→ **GOAL OF THE EXERCISE**
Produce an exact copy of the lines below, starting at the first and ending with the line containing "using \<mu>\<^sub>2(2) by linarith".

Stored data entries

lemma divide_ge_of_relative_errors:
  fixes \<mu>\<^sub>1 \<mu>\<^sub>2 c\<^sub>1 c\<^sub>2 x r :: real
  assumes "\<mu>\<^sub>1 \<ge> 0" "\<mu>\<^sub>2 \<ge> 0" "\<bar>\<mu>\<^sub>1 - c\<^sub>1\<bar> \<le> x * c\<^sub>1" "\<bar>\<mu>\<^sub>2 - c\<^sub>2\<bar> \<le> x * c\<^sub>2"
    and "c\<^sub>1 > 0" "c\<^sub>2 > 0" "r \<le> c\<^sub>1 / c\<^sub>2" "r \<le> 1"
  shows "\<mu>\<^sub>1 / \<mu>\<^sub>2 \<ge> r - 2 * x"
proof (cases "r - 2 * x \<le> 0")
  case True
  then show ?thesis using assms(1,2) by (smt (verit) divide_nonneg_nonneg)
next
  case False
  have "0 \<le> x * c\<^sub>1" using assms(3) by linarith
  then have x: "0 \<le> x" "x < 1/2" using assms(5,8) False by (simp_all add: zero_le_mult_iff)
  have \<mu>\<^sub>1: "\<mu>\<^sub>1 \<ge> c\<^sub>1 * (1 - x)" and \<mu>\<^sub>2: "\<mu>\<^sub>2 \<le> c\<^sub>2 * (1 + x)" "\<mu>\<^sub>2 \<ge> c\<^sub>2 * (1 - x)"
    using assms(3,4) by (auto simp: algebra_simps abs_le_iff)
  have "c\<^sub>2 * (1 - x) > 0" using assms(6) x by simp
  then have \<mu>\<^sub>2_pos: "\<mu>\<^sub>2 > 0" using \<mu>\<^sub>2(2) by linarith
  have rc: "r * c\<^sub>2 \<le> c\<^sub>1" using assms(6,7) by (simp add: pos_le_divide_eq)
  have "(r - 2 * x) * \<mu>\<^sub>2 \<le> (r - 2 * x) * (c\<^sub>2 * (1 + x))"
    using False \<mu>\<^sub>2(1) by (intro mult_left_mono) auto
  also have "\<dots> \<le> r * c\<^sub>2 * (1 - x)"
  proof -
    have "x * (r * c\<^sub>2) \<le> x * ((1 + x) * c\<^sub>2)"
      using assms(6,8) x by (intro mult_left_mono mult_right_mono) auto
    then show ?thesis by (simp add: algebra_simps)
  qed
  also have "\<dots> \<le> c\<^sub>1 * (1 - x)" using rc x by (intro mult_right_mono) auto
  also have "\<dots> \<le> \<mu>\<^sub>1" by (rule \<mu>\<^sub>1)
  finally show ?thesis using \<mu>\<^sub>2_pos by (simp add: pos_le_divide_eq)
qed

lemma two_le_dim_col_of_nonzero_cols:
  assumes A: "A \<in> carrier_mat n m" and "n < m" and "\<forall>j<m. col A j \<noteq> 0\<^sub>v n"
  shows "2 \<le> m"
proof (rule ccontr)
  assume "\<not> 2 \<le> m"
  then have "m = 1" "n = 0" using assms(2) by auto
  then have "col A 0 = 0\<^sub>v n" using A by (intro eq_vecI) auto
  then show False using assms(3) \<open>m = 1\<close> by auto
qed

theorem theorem2:
  fixes A :: "real mat" and n m s :: nat
  assumes "A \<in> carrier_mat n m" and "n < m"
    and "\<forall>j<m. col A j \<noteq> 0\<^sub>v n"
    and "1 \<le> s" and "s \<le> m"
  shows "k_min A s / k_max A s \<ge>
           Min {cc A h h / cc A l l | h l. h < m \<and> l < m \<and> h \<noteq> l}
           - 2 * (real s - 1) * Max (nu A ` {0..<m})"
proof -
  note A = assms(1)
  have pos: "\<And>j. j < m \<Longrightarrow> cc A j j > 0" using cc_self_pos[OF A] assms(3) by auto
  have m: "2 \<le> m" using two_le_dim_col_of_nonzero_cols[OF assms(1-3)] .
  obtain T0 T1 where T0: "T0 \<subseteq> {0..<m}" "card T0 = s"
      "eigenvalue ((col_submat A T0)\<^sup>T * col_submat A T0) (k_min A s)"
    and T1: "T1 \<subseteq> {0..<m}" "card T1 = s"
      "eigenvalue ((col_submat A T1)\<^sup>T * col_submat A T1) (k_max A s)"
    using k_min_k_max_eigenvalues[OF A assms(4,5)] .
  obtain i where i: "i < m"
    "\<bar>k_min A s - cc A i i\<bar> \<le> (real s - 1) * Max (nu A ` {0..<m}) * cc A i i"
    using gram_col_submat_eigenvalue_near_diag[OF A T0(1,2) pos T0(3)] by auto
  obtain j where j: "j < m"
    "\<bar>k_max A s - cc A j j\<bar> \<le> (real s - 1) * Max (nu A ` {0..<m}) * cc A j j"
    using gram_col_submat_eigenvalue_near_diag[OF A T1(1,2) pos T1(3)] by auto
  let ?r = "Min {cc A h h / cc A l l | h l. h < m \<and> l < m \<and> h \<noteq> l}"
  have ratio_le: "?r \<le> cc A i i / cc A j j" "?r \<le> 1"
    using Min_ratio_le[where c = "\<lambda>j. cc A j j", OF m pos i(1) j(1)]
      Min_ratio_le[where c = "\<lambda>j. cc A j j", OF m pos i(1) i(1)] pos[OF i(1)]
    by simp_all
  have "k_min A s \<ge> 0" "k_max A s \<ge> 0"
    using gram_mat_eigenvalue_nonneg[OF col_submat_carrier[OF A]] T0 T1 by auto
  then show ?thesis
    using divide_ge_of_relative_errors[OF _ _ i(2) j(2) pos[OF i(1)] pos[OF j(1)]
        ratio_le(1) ratio_le(2)]
    by (simp add: algebra_simps)
qed

end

→ **RESPONSE TO THIS EXERCISE**
lemma divide_ge_of_relative_errors:
  fixes \<mu>\<^sub>1 \<mu>\<^sub>2 c\<^sub>1 c\<^sub>2 x r :: real
  assumes "\<mu>\<^sub>1 \<ge> 0" "\<mu>\<^sub>2 \<ge> 0" "\<bar>\<mu>\<^sub>1 - c\<^sub>1\<bar> \<le> x * c\<^sub>1" "\<bar>\<mu>\<^sub>2 - c\<^sub>2\<bar> \<le> x * c\<^sub>2"
    and "c\<^sub>1 > 0" "c\<^sub>2 > 0" "r \<le> c\<^sub>1 / c\<^sub>2" "r \<le> 1"
  shows "\<mu>\<^sub>1 / \<mu>\<^sub>2 \<ge> r - 2 * x"
proof (cases "r - 2 * x \<le> 0")
  case True
  then show ?thesis using assms(1,2) by (smt (verit) divide_nonneg_nonneg)
next
  case False
  have "0 \<le> x * c\<^sub>1" using assms(3) by linarith
  then have x: "0 \<le> x" "x < 1/2" using assms(5,8) False by (simp_all add: zero_le_mult_iff)
  have \<mu>\<^sub>1: "\<mu>\<^sub>1 \<ge> c\<^sub>1 * (1 - x)" and \<mu>\<^sub>2: "\<mu>\<^sub>2 \<le> c\<^sub>2 * (1 + x)" "\<mu>\<^sub>2 \<ge> c\<^sub>2 * (1 - x)"
    using assms(3,4) by (auto simp: algebra_simps abs_le_iff)
  have "c\<^sub>2 * (1 - x) > 0" using assms(6) x by simp
  then have \<mu>\<^sub>2_pos: "\<mu>\<^sub>2 > 0" using \<mu>\<^sub>2(2) by linarith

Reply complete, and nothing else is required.